*WORK ORDER*. Begin at the line containing "using A by simp" in the entries below and end at the line containing "(ka # n_as)"; transcribe that range exactly and nothing outside it.

*DATA PROVIDED*.
- Opening Delimiter -

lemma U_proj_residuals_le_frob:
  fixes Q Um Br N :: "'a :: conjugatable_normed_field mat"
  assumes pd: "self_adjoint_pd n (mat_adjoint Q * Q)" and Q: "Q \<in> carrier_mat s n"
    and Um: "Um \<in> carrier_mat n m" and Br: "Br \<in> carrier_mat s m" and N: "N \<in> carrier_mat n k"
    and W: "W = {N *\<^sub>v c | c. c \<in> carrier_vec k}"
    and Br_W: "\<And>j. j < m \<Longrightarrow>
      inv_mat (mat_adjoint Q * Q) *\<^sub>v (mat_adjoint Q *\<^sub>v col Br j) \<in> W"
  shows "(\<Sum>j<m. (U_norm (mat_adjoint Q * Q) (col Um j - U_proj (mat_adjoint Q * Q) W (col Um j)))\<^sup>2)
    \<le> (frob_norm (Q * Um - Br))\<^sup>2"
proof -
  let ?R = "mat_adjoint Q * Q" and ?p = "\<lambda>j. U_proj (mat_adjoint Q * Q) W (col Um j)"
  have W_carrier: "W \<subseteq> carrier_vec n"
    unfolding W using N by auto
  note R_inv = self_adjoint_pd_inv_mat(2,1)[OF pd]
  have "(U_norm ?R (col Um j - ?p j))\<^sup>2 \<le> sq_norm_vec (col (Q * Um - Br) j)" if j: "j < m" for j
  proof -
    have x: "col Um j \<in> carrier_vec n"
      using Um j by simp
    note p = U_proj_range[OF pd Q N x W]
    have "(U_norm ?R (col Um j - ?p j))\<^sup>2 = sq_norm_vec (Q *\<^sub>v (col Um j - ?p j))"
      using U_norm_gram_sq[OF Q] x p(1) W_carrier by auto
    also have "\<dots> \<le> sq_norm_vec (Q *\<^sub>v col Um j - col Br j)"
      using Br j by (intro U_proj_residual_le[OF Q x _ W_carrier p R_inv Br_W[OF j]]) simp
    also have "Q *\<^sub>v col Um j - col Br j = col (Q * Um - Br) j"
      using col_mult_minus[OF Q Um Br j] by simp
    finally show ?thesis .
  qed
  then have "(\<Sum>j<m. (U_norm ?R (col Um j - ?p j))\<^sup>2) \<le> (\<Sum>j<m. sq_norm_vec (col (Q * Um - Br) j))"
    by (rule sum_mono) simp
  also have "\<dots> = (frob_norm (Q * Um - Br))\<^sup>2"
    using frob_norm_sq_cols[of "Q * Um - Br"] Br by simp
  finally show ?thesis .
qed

- Closing Delimiter -
- Opening Delimiter -

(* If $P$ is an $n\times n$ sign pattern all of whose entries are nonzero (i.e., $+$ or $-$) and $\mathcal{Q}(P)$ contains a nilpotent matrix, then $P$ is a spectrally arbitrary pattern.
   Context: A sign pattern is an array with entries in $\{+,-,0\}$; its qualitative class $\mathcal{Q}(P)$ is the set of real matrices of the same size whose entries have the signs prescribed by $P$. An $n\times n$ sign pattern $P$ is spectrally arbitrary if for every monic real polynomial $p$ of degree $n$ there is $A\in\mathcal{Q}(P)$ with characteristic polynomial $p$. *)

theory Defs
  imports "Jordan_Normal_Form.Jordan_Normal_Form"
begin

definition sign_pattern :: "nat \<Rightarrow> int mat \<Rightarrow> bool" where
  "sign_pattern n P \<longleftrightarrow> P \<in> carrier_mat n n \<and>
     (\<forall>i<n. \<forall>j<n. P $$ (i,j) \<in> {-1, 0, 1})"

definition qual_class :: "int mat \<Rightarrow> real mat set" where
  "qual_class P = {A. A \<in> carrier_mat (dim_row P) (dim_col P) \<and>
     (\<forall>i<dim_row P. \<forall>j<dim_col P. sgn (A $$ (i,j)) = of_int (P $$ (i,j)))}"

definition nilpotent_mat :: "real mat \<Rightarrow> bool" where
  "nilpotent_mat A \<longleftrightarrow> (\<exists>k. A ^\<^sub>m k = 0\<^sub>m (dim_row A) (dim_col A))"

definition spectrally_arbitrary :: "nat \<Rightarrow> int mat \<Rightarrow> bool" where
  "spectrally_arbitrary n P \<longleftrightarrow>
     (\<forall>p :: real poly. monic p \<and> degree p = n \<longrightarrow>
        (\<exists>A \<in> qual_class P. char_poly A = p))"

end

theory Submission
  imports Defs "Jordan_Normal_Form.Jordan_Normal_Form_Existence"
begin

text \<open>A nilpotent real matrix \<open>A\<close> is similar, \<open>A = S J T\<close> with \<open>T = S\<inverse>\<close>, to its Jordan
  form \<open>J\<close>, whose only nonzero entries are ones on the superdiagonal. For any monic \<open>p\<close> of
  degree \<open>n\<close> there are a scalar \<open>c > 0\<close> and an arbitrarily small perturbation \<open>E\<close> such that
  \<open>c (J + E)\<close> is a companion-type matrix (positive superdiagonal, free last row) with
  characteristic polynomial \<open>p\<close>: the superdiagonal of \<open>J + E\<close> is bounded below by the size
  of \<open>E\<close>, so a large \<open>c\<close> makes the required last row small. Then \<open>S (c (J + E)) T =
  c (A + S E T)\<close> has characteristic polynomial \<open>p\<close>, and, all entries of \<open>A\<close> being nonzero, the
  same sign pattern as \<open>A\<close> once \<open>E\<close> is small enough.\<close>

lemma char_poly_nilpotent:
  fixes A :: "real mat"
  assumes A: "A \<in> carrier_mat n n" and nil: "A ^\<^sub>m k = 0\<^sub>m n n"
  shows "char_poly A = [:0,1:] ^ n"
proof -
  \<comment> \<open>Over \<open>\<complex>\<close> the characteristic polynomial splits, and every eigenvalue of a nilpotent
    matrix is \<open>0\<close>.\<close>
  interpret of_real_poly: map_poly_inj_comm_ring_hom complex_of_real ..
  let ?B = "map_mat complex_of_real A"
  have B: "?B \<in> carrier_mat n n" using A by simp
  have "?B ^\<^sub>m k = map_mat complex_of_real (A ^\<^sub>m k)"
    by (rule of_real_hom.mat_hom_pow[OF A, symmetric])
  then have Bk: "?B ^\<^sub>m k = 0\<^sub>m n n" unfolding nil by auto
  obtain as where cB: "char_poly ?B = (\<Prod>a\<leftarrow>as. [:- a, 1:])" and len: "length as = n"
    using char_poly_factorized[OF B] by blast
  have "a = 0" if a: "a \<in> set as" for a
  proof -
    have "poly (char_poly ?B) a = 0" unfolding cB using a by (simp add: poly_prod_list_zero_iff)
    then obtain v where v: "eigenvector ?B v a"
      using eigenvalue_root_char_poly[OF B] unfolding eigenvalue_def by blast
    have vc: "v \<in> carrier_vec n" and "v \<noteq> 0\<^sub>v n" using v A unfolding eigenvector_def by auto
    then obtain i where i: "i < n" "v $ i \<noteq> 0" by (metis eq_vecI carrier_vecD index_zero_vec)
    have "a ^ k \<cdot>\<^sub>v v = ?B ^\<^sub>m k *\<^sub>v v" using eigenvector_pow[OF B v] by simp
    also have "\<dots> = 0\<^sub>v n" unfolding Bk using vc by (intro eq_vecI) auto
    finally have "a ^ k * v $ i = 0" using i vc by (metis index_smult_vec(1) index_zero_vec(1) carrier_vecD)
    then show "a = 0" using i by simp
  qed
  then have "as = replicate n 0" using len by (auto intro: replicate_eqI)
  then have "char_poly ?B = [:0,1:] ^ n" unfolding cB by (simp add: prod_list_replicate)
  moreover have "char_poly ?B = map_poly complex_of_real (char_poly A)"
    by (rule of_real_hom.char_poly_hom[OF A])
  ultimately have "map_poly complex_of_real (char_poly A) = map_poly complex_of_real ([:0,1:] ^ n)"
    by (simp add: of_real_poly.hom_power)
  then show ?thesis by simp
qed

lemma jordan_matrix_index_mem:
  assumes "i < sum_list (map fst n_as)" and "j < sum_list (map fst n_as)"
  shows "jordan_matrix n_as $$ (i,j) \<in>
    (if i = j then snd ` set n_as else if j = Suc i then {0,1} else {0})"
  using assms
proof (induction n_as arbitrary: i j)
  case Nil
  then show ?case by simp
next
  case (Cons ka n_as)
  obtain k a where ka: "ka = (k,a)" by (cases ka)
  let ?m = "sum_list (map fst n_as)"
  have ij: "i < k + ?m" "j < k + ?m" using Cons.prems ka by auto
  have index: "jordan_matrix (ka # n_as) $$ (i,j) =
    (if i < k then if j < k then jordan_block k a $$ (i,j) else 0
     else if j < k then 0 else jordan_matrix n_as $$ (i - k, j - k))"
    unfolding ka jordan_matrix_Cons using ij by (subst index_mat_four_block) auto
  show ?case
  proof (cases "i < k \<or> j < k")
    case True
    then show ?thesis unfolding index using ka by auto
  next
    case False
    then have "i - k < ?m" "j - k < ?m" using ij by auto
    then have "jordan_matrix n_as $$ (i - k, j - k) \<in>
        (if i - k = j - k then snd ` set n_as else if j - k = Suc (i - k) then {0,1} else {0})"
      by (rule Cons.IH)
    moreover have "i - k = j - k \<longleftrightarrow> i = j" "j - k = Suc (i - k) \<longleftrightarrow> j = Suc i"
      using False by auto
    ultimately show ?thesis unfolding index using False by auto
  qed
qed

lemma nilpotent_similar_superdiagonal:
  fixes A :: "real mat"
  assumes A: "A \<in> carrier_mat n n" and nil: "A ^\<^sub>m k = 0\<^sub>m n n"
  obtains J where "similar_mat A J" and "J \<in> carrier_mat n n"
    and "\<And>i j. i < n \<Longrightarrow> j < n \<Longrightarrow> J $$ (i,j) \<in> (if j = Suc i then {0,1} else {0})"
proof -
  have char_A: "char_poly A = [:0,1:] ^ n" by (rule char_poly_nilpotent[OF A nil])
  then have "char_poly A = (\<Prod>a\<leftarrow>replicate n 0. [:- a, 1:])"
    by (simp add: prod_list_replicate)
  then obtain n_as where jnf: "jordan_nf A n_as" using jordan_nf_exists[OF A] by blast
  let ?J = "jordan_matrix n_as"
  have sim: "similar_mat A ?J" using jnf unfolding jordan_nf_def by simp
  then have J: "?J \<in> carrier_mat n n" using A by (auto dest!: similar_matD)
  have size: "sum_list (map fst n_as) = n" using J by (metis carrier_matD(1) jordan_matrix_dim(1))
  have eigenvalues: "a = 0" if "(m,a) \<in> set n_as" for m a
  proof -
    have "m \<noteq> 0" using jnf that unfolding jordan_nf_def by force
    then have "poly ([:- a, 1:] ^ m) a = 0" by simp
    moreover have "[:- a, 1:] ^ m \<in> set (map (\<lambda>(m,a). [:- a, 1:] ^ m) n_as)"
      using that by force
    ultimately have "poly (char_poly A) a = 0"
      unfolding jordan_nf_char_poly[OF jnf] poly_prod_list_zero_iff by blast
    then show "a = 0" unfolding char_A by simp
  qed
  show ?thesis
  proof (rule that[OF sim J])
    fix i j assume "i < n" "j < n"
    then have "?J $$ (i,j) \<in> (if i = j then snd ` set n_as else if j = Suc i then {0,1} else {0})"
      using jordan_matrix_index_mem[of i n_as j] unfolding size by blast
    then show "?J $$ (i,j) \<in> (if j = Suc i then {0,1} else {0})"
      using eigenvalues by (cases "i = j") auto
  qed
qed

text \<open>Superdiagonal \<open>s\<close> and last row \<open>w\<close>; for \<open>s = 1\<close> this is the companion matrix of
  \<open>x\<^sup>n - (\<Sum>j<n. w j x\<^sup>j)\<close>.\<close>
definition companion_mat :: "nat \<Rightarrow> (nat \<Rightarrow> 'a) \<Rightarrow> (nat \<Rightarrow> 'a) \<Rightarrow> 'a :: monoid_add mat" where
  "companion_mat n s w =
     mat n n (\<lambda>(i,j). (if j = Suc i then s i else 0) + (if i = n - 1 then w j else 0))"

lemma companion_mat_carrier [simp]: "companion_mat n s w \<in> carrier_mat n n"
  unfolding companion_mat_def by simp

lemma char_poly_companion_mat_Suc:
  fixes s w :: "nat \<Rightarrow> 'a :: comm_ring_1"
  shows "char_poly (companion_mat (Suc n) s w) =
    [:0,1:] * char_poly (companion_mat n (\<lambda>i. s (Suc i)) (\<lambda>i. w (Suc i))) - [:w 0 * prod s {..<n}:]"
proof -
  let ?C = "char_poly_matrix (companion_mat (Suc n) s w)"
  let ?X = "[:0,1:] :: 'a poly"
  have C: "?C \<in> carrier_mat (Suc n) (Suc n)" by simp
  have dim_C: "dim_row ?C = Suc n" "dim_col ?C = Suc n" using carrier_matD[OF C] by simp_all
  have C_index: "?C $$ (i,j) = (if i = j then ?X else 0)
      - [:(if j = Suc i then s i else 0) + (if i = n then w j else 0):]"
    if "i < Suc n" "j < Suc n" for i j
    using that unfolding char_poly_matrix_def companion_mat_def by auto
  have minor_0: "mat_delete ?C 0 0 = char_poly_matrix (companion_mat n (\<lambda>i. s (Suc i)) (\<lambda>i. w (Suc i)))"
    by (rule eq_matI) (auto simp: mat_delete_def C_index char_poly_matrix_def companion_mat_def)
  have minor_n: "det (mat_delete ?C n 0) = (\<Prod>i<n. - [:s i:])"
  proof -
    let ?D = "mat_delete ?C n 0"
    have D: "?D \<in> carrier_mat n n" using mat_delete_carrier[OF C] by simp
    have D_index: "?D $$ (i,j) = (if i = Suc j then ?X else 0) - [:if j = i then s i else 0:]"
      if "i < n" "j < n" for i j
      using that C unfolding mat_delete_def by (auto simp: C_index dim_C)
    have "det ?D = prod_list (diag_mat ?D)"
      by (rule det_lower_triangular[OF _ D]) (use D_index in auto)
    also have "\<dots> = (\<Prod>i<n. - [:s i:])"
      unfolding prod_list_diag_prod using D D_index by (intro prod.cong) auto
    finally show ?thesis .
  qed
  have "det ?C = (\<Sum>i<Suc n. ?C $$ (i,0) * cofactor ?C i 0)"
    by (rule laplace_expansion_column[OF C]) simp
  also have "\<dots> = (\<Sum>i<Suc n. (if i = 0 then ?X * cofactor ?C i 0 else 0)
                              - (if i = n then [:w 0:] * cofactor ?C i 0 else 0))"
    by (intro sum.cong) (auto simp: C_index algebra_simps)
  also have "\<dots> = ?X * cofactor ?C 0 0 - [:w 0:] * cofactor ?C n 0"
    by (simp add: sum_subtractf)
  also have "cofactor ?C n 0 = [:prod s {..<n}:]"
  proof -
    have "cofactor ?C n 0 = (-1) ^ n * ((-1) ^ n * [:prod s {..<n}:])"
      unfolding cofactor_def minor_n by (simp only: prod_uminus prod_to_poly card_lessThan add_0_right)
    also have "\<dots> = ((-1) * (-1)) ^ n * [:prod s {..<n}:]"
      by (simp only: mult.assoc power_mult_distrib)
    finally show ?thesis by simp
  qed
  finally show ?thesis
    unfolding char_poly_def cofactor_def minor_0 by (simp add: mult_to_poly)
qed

- Closing Delimiter -

*FINISHED TASK*.
  have B: "?B \<in> carrier_mat n n" using A by simp
  have "?B ^\<^sub>m k = map_mat complex_of_real (A ^\<^sub>m k)"
    by (rule of_real_hom.mat_hom_pow[OF A, symmetric])
  then have Bk: "?B ^\<^sub>m k = 0\<^sub>m n n" unfolding nil by auto
  obtain as where cB: "char_poly ?B = (\<Prod>a\<leftarrow>as. [:- a, 1:])" and len: "length as = n"
    using char_poly_factorized[OF B] by blast
  have "a = 0" if a: "a \<in> set as" for a
  proof -
    have "poly (char_poly ?B) a = 0" unfolding cB using a by (simp add: poly_prod_list_zero_iff)
    then obtain v where v: "eigenvector ?B v a"
      using eigenvalue_root_char_poly[OF B] unfolding eigenvalue_def by blast
    have vc: "v \<in> carrier_vec n" and "v \<noteq> 0\<^sub>v n" using v A unfolding eigenvector_def by auto
    then obtain i where i: "i < n" "v $ i \<noteq> 0" by (metis eq_vecI carrier_vecD index_zero_vec)
    have "a ^ k \<cdot>\<^sub>v v = ?B ^\<^sub>m k *\<^sub>v v" using eigenvector_pow[OF B v] by simp
    also have "\<dots> = 0\<^sub>v n" unfolding Bk using vc by (intro eq_vecI) auto
    finally have "a ^ k * v $ i = 0" using i vc by (metis index_smult_vec(1) index_zero_vec(1) carrier_vecD)
    then show "a = 0" using i by simp
  qed
  then have "as = replicate n 0" using len by (auto intro: replicate_eqI)
  then have "char_poly ?B = [:0,1:] ^ n" unfolding cB by (simp add: prod_list_replicate)
  moreover have "char_poly ?B = map_poly complex_of_real (char_poly A)"
    by (rule of_real_hom.char_poly_hom[OF A])
  ultimately have "map_poly complex_of_real (char_poly A) = map_poly complex_of_real ([:0,1:] ^ n)"
    by (simp add: of_real_poly.hom_power)
  then show ?thesis by simp
qed

lemma jordan_matrix_index_mem:
  assumes "i < sum_list (map fst n_as)" and "j < sum_list (map fst n_as)"
  shows "jordan_matrix n_as $$ (i,j) \<in>
    (if i = j then snd ` set n_as else if j = Suc i then {0,1} else {0})"
  using assms
proof (induction n_as arbitrary: i j)
  case Nil
  then show ?case by simp
next
  case (Cons ka n_as)
  obtain k a where ka: "ka = (k,a)" by (cases ka)
  let ?m = "sum_list (map fst n_as)"
  have ij: "i < k + ?m" "j < k + ?m" using Cons.prems ka by auto
  have index: "jordan_matrix (ka # n_as) $$ (i,j) =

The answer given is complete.